Our correspondent says it may annoy the government but is likely to be insignificant unless the rebels follow it up with further military action.

Displaced people tap into a supply of water aid nearby the Nyiragongo volcano in Kibati

Meanwhile government troops have faced fresh accusations that they have been ransacking villages and raping civilians.

UN spokesman Lt-Col Jean Paul Dietrich said looting began around Kanyabayonga, 100 km (60 miles) north of Goma, on Monday afternoon and continued through the night.

He said UN peacekeepers and the Congolese army had been trying to intervene.

Rebel leader Gen Nkunda claims to be fighting to protect his Tutsi community from attacks by Rwandan Hutu rebels, who fled to DR Congo after Rwanda’s 1994 genocide.

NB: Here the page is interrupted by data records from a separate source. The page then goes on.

lemma inv_count_comp_transpose_less:
  assumes ab: "1 \<le> a" "a < b" "b \<le> m" and xb: "x b < x a"
  shows "inv_count m (x \<circ> Transposition.transpose a b) < inv_count m x"
proof -
  let ?y = "x \<circ> Transposition.transpose a b" and ?f = "transfer_inversion a b"
  have inj: "inj_on ?f (inversions m ?y)"
    by (metis transfer_inversion_involution[OF ab(2)] inj_onI)
  have sub: "?f ` inversions m ?y \<subseteq> inversions m x - {(a, b)}"
  proof
    fix z assume "z \<in> ?f ` inversions m ?y"
    then obtain p q where pq: "(p, q) \<in> inversions m ?y" and z: "z = ?f (p, q)" by auto
    have "z \<noteq> (a, b)"
    proof
      assume "z = (a, b)"
      then have "(p, q) = (a, b)"
        using z transfer_inversion_involution[OF ab(2), of "(p, q)"]
        by (simp add: transfer_inversion_def)
      with pq xb show False by (simp add: inversions_def)
    qed
    moreover have "z \<in> inversions m x"
      using pq ab xb unfolding z transfer_inversion_def inversions_def transpose_def
      by (auto split: if_splits)
    ultimately show "z \<in> inversions m x - {(a, b)}" by simp
  qed
  have ab_in: "(a, b) \<in> inversions m x" using ab xb by (simp add: inversions_def)
  have "card (inversions m ?y) = card (?f ` inversions m ?y)" using inj by (simp add: card_image)
  also have "\<dots> \<le> card (inversions m x - {(a, b)})"
    by (rule card_mono) (use finite_inversions sub in auto)
  also have "\<dots> < card (inversions m x)"
    by (rule card_Diff1_less[OF finite_inversions ab_in])
  finally show ?thesis by (simp add: inv_count_eq_card_inversions)
qed

definition bruhat_ascent :: "nat \<Rightarrow> (nat \<Rightarrow> nat) \<Rightarrow> (nat \<Rightarrow> nat) \<Rightarrow> bool" where
  "bruhat_ascent m w w' \<longleftrightarrow>
     (\<exists>a b. 1 \<le> a \<and> a < b \<and> b \<le> m \<and> w' = w \<circ> Transposition.transpose a b \<and> w a < w b)"

lemma bruhat_step_eq_ascent: "bruhat_step m = bruhat_ascent m"
proof (intro ext iffI)
  fix w w' assume "bruhat_step m w w'"
  then obtain a b where ab: "1 \<le> a" "a < b" "b \<le> m" "w' = w \<circ> Transposition.transpose a b"
    and lt: "inv_count m w < inv_count m w'" by (auto simp: bruhat_step_def)
  have "w a < w b"
  proof (rule ccontr)
    assume "\<not> w a < w b"
    then consider "w b < w a" | "w a = w b" by linarith
    then show False
    proof cases
      case 1
      then show False using inv_count_comp_transpose_less[OF ab(1-3), of w] lt ab(4) by simp
    next
      case 2
      then have "w' = w" using ab(4) by (auto simp: fun_eq_iff transpose_def)
      then show False using lt by simp
    qed
  qed
  then show "bruhat_ascent m w w'" using ab by (auto simp: bruhat_ascent_def)
next
  fix w w' assume "bruhat_ascent m w w'"
  then obtain a b where ab: "1 \<le> a" "a < b" "b \<le> m" "w' = w \<circ> Transposition.transpose a b"
    and lt: "w a < w b" by (auto simp: bruhat_ascent_def)
  have "w = w' \<circ> Transposition.transpose a b" using ab(4) by (auto simp: fun_eq_iff)
  moreover have "w' b < w' a" using ab lt by simp
  ultimately have "inv_count m w < inv_count m w'"
    using inv_count_comp_transpose_less[OF ab(1-3), of w'] by simp
  then show "bruhat_step m w w'" using ab by (auto simp: bruhat_step_def)
qed

lemma bruhat_le_iff_ascents:
  "bruhat_le m u v \<longleftrightarrow> u permutes {1..m} \<and> v permutes {1..m} \<and> (bruhat_ascent m)\<^sup>*\<^sup>* u v"
  by (simp add: bruhat_le_def bruhat_step_eq_ascent)

lemma bruhat_le_trans: "bruhat_le m a b \<Longrightarrow> bruhat_le m b c \<Longrightarrow> bruhat_le m a c"
  unfolding bruhat_le_def by (meson rtranclp_trans)

lemma bruhat_ascent_permutes:
  "bruhat_ascent m w w' \<Longrightarrow> w permutes {1..m} \<Longrightarrow> w' permutes {1..m}"
  unfolding bruhat_ascent_def by (auto intro!: permutes_compose permutes_swap_id)

lemma bruhat_ascents_permutes:
  "(bruhat_ascent m)\<^sup>*\<^sup>* w w' \<Longrightarrow> w permutes {1..m} \<Longrightarrow> w' permutes {1..m}"
  by (induction rule: rtranclp_induct) (simp, metis bruhat_ascent_permutes)

lemma permutes_atLeast1_eq_0_iff: "(w :: nat \<Rightarrow> nat) permutes {1..m} \<Longrightarrow> w x = 0 \<longleftrightarrow> x = 0"
  by (metis atLeastAtMost_iff not_one_le_zero permutes_in_image permutes_not_in)

lemma permutes_atLeast1_in_range:
  "(w :: nat \<Rightarrow> nat) permutes {1..m} \<Longrightarrow> 1 \<le> p \<Longrightarrow> p \<le> m \<Longrightarrow> 1 \<le> w p \<and> w p \<le> m"
  using permutes_in_image[of w "{1..m}" p] by auto

lemma bruhat_ascents_one_moves_right:
  assumes "(bruhat_ascent n)\<^sup>*\<^sup>* x y" "x permutes {1..n}" "x d = 1"
  shows "\<exists>d' \<ge> d. y d' = 1"
  using assms(1)
proof (induction rule: rtranclp_induct)
  case base
  then show ?case using assms by auto
next
  case (step y z)
  then obtain d'' where d'': "d'' \<ge> d" "y d'' = 1" by auto
  have yp: "y permutes {1..n}" using bruhat_ascents_permutes step(1) assms(2) by blast
  from step(2) obtain a b where ab: "1 \<le> a" "a < b" "b \<le> n" "z = y \<circ> Transposition.transpose a b"
    and lt: "y a < y b" by (auto simp: bruhat_ascent_def)
  have "y a \<noteq> 0" using permutes_atLeast1_eq_0_iff[OF yp] ab(1) by simp
  show ?case
  proof (cases "d'' = a")
    case True
    then show ?thesis using ab d'' by (intro exI[of _ b]) auto
  next
    case False
    then have "d'' \<noteq> b" using d'' lt \<open>y a \<noteq> 0\<close> by auto
    then show ?thesis using False ab d'' by (intro exI[of _ d'']) auto
  qed
qed

text \<open>Position \<open>p\<close> of \<open>w\<close> becomes position \<open>skip_pos i p\<close> of \<open>\<epsilon>\<^sub>i(w)\<close>.\<close>
definition skip_pos :: "nat \<Rightarrow> nat \<Rightarrow> nat" where
  "skip_pos i p = (if p < i then p else p + 1)"

definition unskip_pos :: "nat \<Rightarrow> nat \<Rightarrow> nat" where
  "unskip_pos i p = (if p < i then p else p - 1)"

lemma eps_eq_one_iff:
  assumes "1 \<le> j" "j \<le> m + 1" "w permutes {1..m}"
  shows "eps m j w k = 1 \<longleftrightarrow> k = j"
  using assms permutes_atLeast1_eq_0_iff[OF assms(3)] by (auto simp: eps_def)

On Monday, he threatened to take over the whole country if President Joseph Kabila’s government continued in its refusal to negotiate with him.

FORCES AROUND GOMA
CNDP: Gen Nkunda’s Tutsi rebels – 6,000 fighters
FDLR: Rwandan Hutus – 6,000-7,000
Mai Mai: pro-government militia – 3,500
Monuc: UN peacekeepers – 1,000 in Goma, 6,000 in North Kivu (17,000 nationwide)
DRC army – 90,000 (nationwide)
Source: UN, military experts

But a Congolese official said the government was still unwilling to talk to the rebel leader and accused him of war crimes.

The UN has accused both sides of war crimes during the latest violence.

Mr Kabila was elected president in 2006 in polls that were backed by the UN, and which international observers generally declared to be fair.

As in the four-year war that began in DR Congo in 1998, the recent fighting has threatened to draw in neighbouring countries.